Factoring Quadratics

Here we will show you how to factor the quadratic function -92x² + 18x + 74 using the box method. In other words, we will show you how to factor negative 92x squared plus 18x plus 74 (-92x^2 + 18x + 74) using the box method. It is a 5-step process:

Step 1: The standard form of a quadratic equation is ax² + bx + c. In this equation, a is negative. Therefore, we need to start by setting aside the negative (-). We do this by flipping the signs in the equation to get 92x² - 18x - 74. Now we can label the different parts of our equation, like this:

a = 92
b = -18
c = -74


Step 2: Next, we need to draw a box and divide it into four squares:

-2  -92x -74
2x  92x² 74x
46x 37
We put 92x² (a) in the bottom left square and -74 (c) in the top right square, like this:

-2  -92x -74
2x  92x² 74x
46x 37
Step 3: In order to fill in the other two squares, we need to do some math. We have to find two numbers that multiply together to give us the product of 92 times -74 (a × c), and add together to equal -18 (b).

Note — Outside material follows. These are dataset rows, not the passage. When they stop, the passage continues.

(* Let $W_\circ=\bigcup_{\lambda\in\Lambda^\circ}W(\lambda)$. Exactly one of the following holds: (a) if $\underline f<0<\overline f$, then $f(\lambda)=0$ has a unique solution $\hat\lambda\in\Lambda^\circ$ and $\widehat W=W_\circ=\{w(\hat\lambda)\}$; (b) if $\underline f=0=\overline f$, then $f(\lambda)=0$ for every $\lambda\in\Lambda^\circ$ and $\widehat W=W_\circ=\{0\}$; (c) in all other cases, $f(\lambda)=0$ has no solution in $\Lambda^\circ$ and $W_\circ=\emptyset$.
   Context: Regular dimension-reduced canonical form: $q\ge1$, $\gamma_1>\dots>\gamma_q$ nonzero reals with $\gamma_1>0$, $\Gamma^*=\operatorname{diag}(\gamma_1,\dots,\gamma_q)$, $\delta=(\delta_i)$ with $\delta_i\ge0$, $k^*\in\mathbb{R}$, $\varepsilon\ge0$; either ($m_0=0$) $\varepsilon=0$, $w=z\in\mathbb{R}^q$, $w_0=\delta$, $\Delta=\Gamma^*$, $d=0$; or ($m_0>0$) $\varepsilon>0$, $w=(y,z^\top)^\top\in\mathbb{R}^{q+1}$, $w_0=(0,\delta^\top)^\top$, $\Delta=\operatorname{diag}(0,\Gamma^* )$, $d=\varepsilon e_1$. Problem: minimise $\|w-w_0\|^2$ over $W=\{w:Q^*(w)=0\}\neq\emptyset$, $Q^*(w)=w^\top\Delta w+2d^\top w-k^*$; $\widehat W$ is the set of minimisers. Admissible region $\Lambda=(-\infty,\gamma_1^{-1}]$ if $\gamma_q>0$, $[\gamma_q^{-1},\gamma_1^{-1}]$ if $\gamma_q<0$; $\Lambda^\circ$ its interior. $W(\lambda)$ is the set of $w\in W$ with $(I-\lambda\Delta)w=w_0+\lambda d$. For $\lambda\in\Lambda^\circ$, $w(\lambda)=(I-\lambda\Delta)^{-1}(w_0+\lambda d)$, $f(\lambda)=\sum_{i=1}^q(1-\lambda\gamma_i)^{-2}\gamma_i\delta_i^2+2\varepsilon^2\lambda-k^*$, $\underline f=\inf_{\Lambda^\circ}f$, $\overline f=\sup_{\Lambda^\circ}f$. *)

theory Defs
  imports "HOL-Analysis.Analysis"
begin

(* Vectors are modelled as functions nat => real supported on the index set idx.
   Case m0 = 0 (eps = 0): w = z in R^q, indices 1..q.
   Case m0 > 0 (eps > 0): w = (y, z) in R^(q+1), index 0 is y, indices 1..q are z. *)

definition idx :: "nat \<Rightarrow> real \<Rightarrow> nat set" where
  "idx q eps = (if eps = 0 then {1..q} else {0..q})"

definition vecs :: "nat \<Rightarrow> real \<Rightarrow> (nat \<Rightarrow> real) set" where
  "vecs q eps = {w. \<forall>i. i \<notin> idx q eps \<longrightarrow> w i = 0}"

definition Delta :: "(nat \<Rightarrow> real) \<Rightarrow> nat \<Rightarrow> real" where
  "Delta gam i = (if i = 0 then 0 else gam i)"

definition wz :: "(nat \<Rightarrow> real) \<Rightarrow> nat \<Rightarrow> real" where
  "wz del i = (if i = 0 then 0 else del i)"

(* d = eps e_1 (the y-coordinate), resp. d = 0 *)
definition dvec :: "real \<Rightarrow> nat \<Rightarrow> real" where
  "dvec eps i = (if i = 0 then eps else 0)"

definition Qstar :: "nat \<Rightarrow> (nat \<Rightarrow> real) \<Rightarrow> real \<Rightarrow> real \<Rightarrow> (nat \<Rightarrow> real) \<Rightarrow> real" where
  "Qstar q gam k eps w =
     (\<Sum>i\<in>idx q eps. Delta gam i * (w i)^2) + 2 * (\<Sum>i\<in>idx q eps. dvec eps i * w i) - k"

definition Wset :: "nat \<Rightarrow> (nat \<Rightarrow> real) \<Rightarrow> real \<Rightarrow> real \<Rightarrow> (nat \<Rightarrow> real) set" where
  "Wset q gam k eps = {w \<in> vecs q eps. Qstar q gam k eps w = 0}"

definition obj :: "nat \<Rightarrow> (nat \<Rightarrow> real) \<Rightarrow> real \<Rightarrow> (nat \<Rightarrow> real) \<Rightarrow> real" where
  "obj q del eps w = (\<Sum>i\<in>idx q eps. (w i - wz del i)^2)"

definition What :: "nat \<Rightarrow> (nat \<Rightarrow> real) \<Rightarrow> (nat \<Rightarrow> real) \<Rightarrow> real \<Rightarrow> real \<Rightarrow> (nat \<Rightarrow> real) set" where
  "What q gam del k eps =
     {w \<in> Wset q gam k eps. \<forall>v\<in>Wset q gam k eps. obj q del eps w \<le> obj q del eps v}"

definition Lam :: "nat \<Rightarrow> (nat \<Rightarrow> real) \<Rightarrow> real set" where
  "Lam q gam = (if gam q > 0 then {..1 / gam 1} else {1 / gam q .. 1 / gam 1})"

definition Wlam :: "nat \<Rightarrow> (nat \<Rightarrow> real) \<Rightarrow> (nat \<Rightarrow> real) \<Rightarrow> real \<Rightarrow> real \<Rightarrow> real \<Rightarrow> (nat \<Rightarrow> real) set" where
  "Wlam q gam del k eps lam =
     {w \<in> Wset q gam k eps. \<forall>i\<in>idx q eps.
        (1 - lam * Delta gam i) * w i = wz del i + lam * dvec eps i}"

definition Wcirc :: "nat \<Rightarrow> (nat \<Rightarrow> real) \<Rightarrow> (nat \<Rightarrow> real) \<Rightarrow> real \<Rightarrow> real \<Rightarrow> (nat \<Rightarrow> real) set" where
  "Wcirc q gam del k eps = (\<Union>lam\<in>interior (Lam q gam). Wlam q gam del k eps lam)"

definition wfun :: "nat \<Rightarrow> (nat \<Rightarrow> real) \<Rightarrow> (nat \<Rightarrow> real) \<Rightarrow> real \<Rightarrow> real \<Rightarrow> nat \<Rightarrow> real" where
  "wfun q gam del eps lam = (\<lambda>i. if i \<in> idx q eps
       then (wz del i + lam * dvec eps i) / (1 - lam * Delta gam i) else 0)"

definition ff :: "nat \<Rightarrow> (nat \<Rightarrow> real) \<Rightarrow> (nat \<Rightarrow> real) \<Rightarrow> real \<Rightarrow> real \<Rightarrow> real \<Rightarrow> real" where
  "ff q gam del k eps lam =
     (\<Sum>i=1..q. gam i * (del i)^2 / (1 - lam * gam i)^2) + 2 * eps^2 * lam - k"

definition f_inf :: "nat \<Rightarrow> (nat \<Rightarrow> real) \<Rightarrow> (nat \<Rightarrow> real) \<Rightarrow> real \<Rightarrow> real \<Rightarrow> ereal" where
  "f_inf q gam del k eps = (INF lam\<in>interior (Lam q gam). ereal (ff q gam del k eps lam))"

definition f_sup :: "nat \<Rightarrow> (nat \<Rightarrow> real) \<Rightarrow> (nat \<Rightarrow> real) \<Rightarrow> real \<Rightarrow> real \<Rightarrow> ereal" where
  "f_sup q gam del k eps = (SUP lam\<in>interior (Lam q gam). ereal (ff q gam del k eps lam))"

end

theory Submission
  imports Defs
begin

text \<open>On the interior of the admissible region every factor \<open>1 - \<lambda>\<gamma>\<^sub>i\<close> is positive, so
  \<open>w(\<lambda>)\<close> is the only candidate in \<open>W(\<lambda>)\<close>, it lies in \<open>W\<close> exactly when \<open>f(\<lambda>) = 0\<close>, and
  then completing the square (Lagrange multiplier \<open>\<lambda>\<close>) shows that it is the unique minimiser.
  Moreover \<open>f\<close> is continuous and either strictly increasing (each \<open>\<gamma>\<^sub>i\<delta>\<^sub>i\<^sup>2/(1 - \<lambda>\<gamma>\<^sub>i)\<^sup>2\<close>
  is non-decreasing, and \<open>2\<epsilon>\<^sup>2\<lambda>\<close> increasing) or, when \<open>\<delta> = 0\<close> and \<open>\<epsilon> = 0\<close>, constant;
  the intermediate value theorem then decides how many zeros it has.\<close>

lemma strict_mono_on_zero_imp_sign_change:
  fixes F :: "real \<Rightarrow> real"
  assumes "open I" "strict_mono_on I F" "x \<in> I" "F x = 0"
  shows "(INF l\<in>I. ereal (F l)) < 0 \<and> 0 < (SUP l\<in>I. ereal (F l))"
proof -
  obtain e where "e > 0" "ball x e \<subseteq> I"
    using assms(1,3) openE by blast
  then have "x - e/2 \<in> I" "x + e/2 \<in> I"
    by (auto simp: dist_real_def)
  moreover have "F (x - e/2) < 0" "0 < F (x + e/2)"
    using strict_mono_onD[OF assms(2)] calculation \<open>e > 0\<close> assms(3,4) by force+
  ultimately show ?thesis
    by (auto simp: INF_less_iff less_SUP_iff)
qed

More specifically, 92 times -74 is -6808. Therefore, we need to find the two numbers that multiply to equal -6808, and add to equal -18.

? × ? = -6808
? + ? = -18

After looking at this problem, we can see that the two numbers that multiply together to equal -6808, and add together to equal -18, are -92 and 74, as illustrated here:

-92 × 74 = -6808
-92 + 74 = -18

Now, we can fill in the last two squares in our box with -92x and 74x. Place -92x in the upper left square, and place 74x in the lower right square.

-2  -92x -74
2x  92x² 74x
46x 37
Step 4: Next, we need to find four final numbers to finish factoring our equation. We can see that our box is a 2 x 2 table made up of rows and columns.

Our goal is to find the numbers that, when multiplied together, result in the products in each square. We can do this by finding the greatest common factor in each row.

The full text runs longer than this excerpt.